When starting to draw a diagram for a possible execution of this program, we have to first lay out the basic facts that we know:

  • x and y both start out as zero
  • Thread 1 performs a load of y followed by a store of x
  • Thread 2 performs a load of x followed by a store of y
  • Each of x and y take on exactly two values in their lifetime

Then we can start to construct boxes:

Thread 1      x       y      Thread 2
╭───────╮   ┌───┐   ┌───┐   ╭───────╮
│  load ├─┐ │ 0 │   │ 0 │ ┌─┤ load  │
╰───╥───╯ │ └───┘   └───┘ │ ╰───╥───╯
    ║     │   ?───────────┘     ║
╭───⇓───╮ └───────────?     ╭───⇓───╮
│ store ├───┬───┐   ┌───┬───┤ store │
╰───────╯   │ ? │   │ ? │   ╰───────╯
            └───┘   └───┘

At this point, if either of those lines were to connect to the higher box then the execution would be simple: that thread would forward the value to its lower box, which the other thread would then either read, or load the same value (zero) from the box above it, and we’d end up with zero in both atomics.
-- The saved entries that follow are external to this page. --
text \<open>Elements of L0(F,K) are represented by F-measurable functions; two representatives
  denote the same class iff they agree almost everywhere.  All statements about
  L0-valued quantities are made up to a.e. equality.\<close>

definition P_atom :: "'a measure \<Rightarrow> 'a set \<Rightarrow> bool" where
  "P_atom M A \<longleftrightarrow> A \<in> sets M \<and> measure M A > 0 \<and>
     (\<forall>B\<in>sets M. B \<subseteq> A \<longrightarrow> measure M B = 0 \<or> measure M (A - B) = 0)"

definition ess_purely_atomic :: "'a measure \<Rightarrow> bool" where
  "ess_purely_atomic M \<longleftrightarrow>
     (\<exists>\<A>. countable \<A> \<and> disjoint \<A> \<and> (\<forall>A\<in>\<A>. P_atom M A) \<and> \<Union>\<A> = space M \<and>
        (\<forall>A\<in>sets M. \<exists>B\<in>sigma_sets (space M) \<A>. (A - B) \<union> (B - A) \<in> null_sets M))"

definition is_L0_module ::
  "'a measure \<Rightarrow> (('a \<Rightarrow> 'k::{real_normed_field,second_countable_topology}) \<Rightarrow> 'e::ab_group_add \<Rightarrow> 'e) \<Rightarrow> bool" where
  "is_L0_module M sm \<longleftrightarrow>
     (\<forall>\<xi>\<in>borel_measurable M. \<forall>x y. sm \<xi> (x + y) = sm \<xi> x + sm \<xi> y) \<and>
     (\<forall>\<xi>\<in>borel_measurable M. \<forall>\<eta>\<in>borel_measurable M. \<forall>x.
         sm (\<lambda>\<omega>. \<xi> \<omega> + \<eta> \<omega>) x = sm \<xi> x + sm \<eta> x) \<and>
     (\<forall>\<xi>\<in>borel_measurable M. \<forall>\<eta>\<in>borel_measurable M. \<forall>x.
         sm (\<lambda>\<omega>. \<xi> \<omega> * \<eta> \<omega>) x = sm \<xi> (sm \<eta> x)) \<and>
     (\<forall>x. sm (\<lambda>\<omega>. 1) x = x) \<and>
     (\<forall>\<xi>\<in>borel_measurable M. \<forall>\<eta>\<in>borel_measurable M.
         (AE \<omega> in M. \<xi> \<omega> = \<eta> \<omega>) \<longrightarrow> sm \<xi> = sm \<eta>)"

definition is_L0_seminorm ::
  "'a measure \<Rightarrow> (('a \<Rightarrow> 'k::{real_normed_field,second_countable_topology}) \<Rightarrow> 'e::ab_group_add \<Rightarrow> 'e)
    \<Rightarrow> ('e \<Rightarrow> 'a \<Rightarrow> real) \<Rightarrow> bool" where
  "is_L0_seminorm M sm p \<longleftrightarrow>
     (\<forall>x. p x \<in> borel_measurable M \<and> (AE \<omega> in M. 0 \<le> p x \<omega>)) \<and>
     (\<forall>x y. AE \<omega> in M. p (x + y) \<omega> \<le> p x \<omega> + p y \<omega>) \<and>
     (\<forall>\<xi>\<in>borel_measurable M. \<forall>x. AE \<omega> in M. p (sm \<xi> x) \<omega> = norm (\<xi> \<omega>) * p x \<omega>)"

text \<open>Random locally convex module (E, P): the whole type 'e is E.  The condition
  "the supremum of all seminorms of x is 0" is written as "every seminorm of x is 0 a.s."\<close>
definition random_lc_module ::
  "'a measure \<Rightarrow> (('a \<Rightarrow> 'k::{real_normed_field,second_countable_topology}) \<Rightarrow> 'e::ab_group_add \<Rightarrow> 'e)
    \<Rightarrow> ('e \<Rightarrow> 'a \<Rightarrow> real) set \<Rightarrow> bool" where
  "random_lc_module M sm \<P> \<longleftrightarrow> is_L0_module M sm \<and> (\<forall>p\<in>\<P>. is_L0_seminorm M sm p) \<and>
     (\<forall>x. (\<forall>p\<in>\<P>. AE \<omega> in M. p x \<omega> = 0) \<longrightarrow> x = 0)"

definition normQ :: "('e \<Rightarrow> 'a \<Rightarrow> real) set \<Rightarrow> 'e \<Rightarrow> 'a \<Rightarrow> real" where
  "normQ Q x \<omega> = Max (insert 0 ((\<lambda>p. p x \<omega>) ` Q))"

definition eps_lambda_nbhd ::
  "'a measure \<Rightarrow> ('e \<Rightarrow> 'a \<Rightarrow> real) set \<Rightarrow> real \<Rightarrow> real \<Rightarrow> 'e set" where
  "eps_lambda_nbhd M Q \<epsilon> lam = {x. measure M {\<omega>\<in>space M. normQ Q x \<omega> < \<epsilon>} > 1 - lam}"

definition T_eps_lambda :: "'a measure \<Rightarrow> ('e::ab_group_add \<Rightarrow> 'a \<Rightarrow> real) set \<Rightarrow> 'e topology" where
  "T_eps_lambda M \<P> = topology (\<lambda>G. \<forall>x\<in>G. \<exists>Q \<epsilon> lam. finite Q \<and> Q \<subseteq> \<P> \<and> 0 < \<epsilon> \<and> 0 < lam \<and> lam < 1 \<and>
       (\<lambda>y. x + y) ` eps_lambda_nbhd M Q \<epsilon> lam \<subseteq> G)"

text \<open>The locally L0-convex topology T_c on L0(F,K) (with P = {|.|}).\<close>
definition T_c_L0 :: "'a measure \<Rightarrow> ('a \<Rightarrow> 'k::{real_normed_field,second_countable_topology}) topology" where
  "T_c_L0 M = topology (\<lambda>G. G \<subseteq> borel_measurable M \<and>
     (\<forall>x\<in>G. \<exists>\<epsilon>\<in>borel_measurable M. (AE \<omega> in M. 0 < \<epsilon> \<omega>) \<and>
        {y \<in> borel_measurable M. AE \<omega> in M. norm (y \<omega> - x \<omega>) \<le> \<epsilon> \<omega>} \<subseteq> G))"

definition is_L0_hom ::
  "'a measure \<Rightarrow> (('a \<Rightarrow> 'k::{real_normed_field,second_countable_topology}) \<Rightarrow> 'e::ab_group_add \<Rightarrow> 'e)
    \<Rightarrow> ('e \<Rightarrow> 'a \<Rightarrow> 'k) \<Rightarrow> bool" where
  "is_L0_hom M sm f \<longleftrightarrow> (\<forall>x. f x \<in> borel_measurable M) \<and>
     (\<forall>x y. AE \<omega> in M. f (x + y) \<omega> = f x \<omega> + f y \<omega>) \<and>
     (\<forall>\<xi>\<in>borel_measurable M. \<forall>x. AE \<omega> in M. f (sm \<xi> x) \<omega> = \<xi> \<omega> * f x \<omega>)"

end

theory Submission
  imports Defs
begin

text \<open>
  Three facts about atoms drive the proof: a random variable is
  a.s. bounded on an atom; an event of probability > 1 - P(A) contains the atom A up to a null set;
  and in an essentially purely atomic space finitely many atoms carry probability > 1 - lam.

  Sufficiency: on the finitely many atoms the weights are bounded relative to any tolerance e, and
  an (epsilon,lambda)-neighbourhood with lam below all atom masses controls the seminorms on all
  atoms at once; continuity then follows by translation.
  Necessity: continuity at 0 yields a neighbourhood mapped into the random unit ball; scaling x by
  suitable random scalars shows |f x| \<le> (2/epsilon) normQ Q x on any event U of probability > 1 - lam
  and f x = 0 off U; taking U a finite union of atoms gives the bound.
\<close>

lemma normQ_nonneg: "finite Q \<Longrightarrow> 0 \<le> normQ Q x \<omega>"
  unfolding normQ_def by (rule Max_ge) auto

lemma normQ_mono: "finite Q' \<Longrightarrow> Q \<subseteq> Q' \<Longrightarrow> normQ Q x \<omega> \<le> normQ Q' x \<omega>"
  unfolding normQ_def by (rule Max_mono) auto

lemma normQ_insert: "finite Q \<Longrightarrow> normQ (insert p Q) x \<omega> = max (p x \<omega>) (normQ Q x \<omega>)"
proof -
  assume "finite Q"
  moreover have "insert 0 ((\<lambda>p. p x \<omega>) ` insert p Q) = insert (p x \<omega>) (insert 0 ((\<lambda>p. p x \<omega>) ` Q))"
    by auto
  ultimately show ?thesis unfolding normQ_def by simp
qed

lemma normQ_measurable:
  assumes "finite Q" and "\<And>p. p \<in> Q \<Longrightarrow> p x \<in> borel_measurable M"
  shows "normQ Q x \<in> borel_measurable M"
  using assms
proof (induction Q rule: finite_induct)
  case empty
  then show ?case by (simp add: normQ_def[abs_def])
next
  case (insert p Q)
  then have "normQ (insert p Q) x = (\<lambda>\<omega>. max (p x \<omega>) (normQ Q x \<omega>))"
    by (simp add: normQ_insert fun_eq_iff)
  then show ?case using insert by simp
qed

lemma normQ_scale:
  assumes "finite Q" and "0 \<le> c" and "\<And>p. p \<in> Q \<Longrightarrow> p y \<omega> = c * p x \<omega>"
  shows "normQ Q y \<omega> = c * normQ Q x \<omega>"
  using assms
proof (induction Q rule: finite_induct)
  case empty
  then show ?case by (simp add: normQ_def)
next
  case (insert p Q)
  then show ?case by (simp add: normQ_insert max_mult_distrib_left)
qed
But what if they were to connect downwards? Then we’d end up with an execution that looks like this:

Thread 1      x       y      Thread 2
╭───────╮   ┌───┐   ┌───┐   ╭───────╮
│  load ├─┐ │ 0 │   │ 0 │ ┌─┤ load  │
╰───╥───╯ │ └───┘   └───┘ │ ╰───╥───╯
    ║     │   ┌───────────┘     ║
╭───⇓───╮ └───┼───────┐     ╭───⇓───╮
│ store ├───┬─┴─┐   ┌─┴─┬───┤ store │
╰───────╯   │ ? │   │ ? │   ╰───────╯
            └───┘   └───┘

But hang on — it’s not fully resolved yet, we still haven’t put in a value in those lower question marks. So what value should it be? Well, the second value of x is just copied from from the second value of y, so we just have to find the value of that — but the second value of y is itself copied from the second value of x! This means that we can actually put any value we like in that box, including 0 or 42, and the logic will check out perfectly fine — meaning if this program were to execute in this fashion, it would end up reading a value produced out of thin air!

Now, if we were to strictly follow the rules we’ve laid out thus far, then this would be totally valid thing to happen. But luckily, the authors of the C++ specification have recognized this as a problem, and as such refined the semantics of Relaxed to implement a thorough, logically sound, mathematically proven formal model that prevents it, that’s just too complex and technical to explain here—

No “out-of-thin-air” values can be computed that circularly depend on their own computations.

Just kidding. Turns out, it’s a really difficult problem to solve, and to my knowledge even now there is no known formal way to express how to prevent it. So in the specification they just kind of hand-wave and say that it shouldn’t happen, and that the above program must always give zero in both atomics, despite the theoretical execution that could result in something else. Well, it generally works in practice so I can’t complain — it’s just a very interesting detail to know about.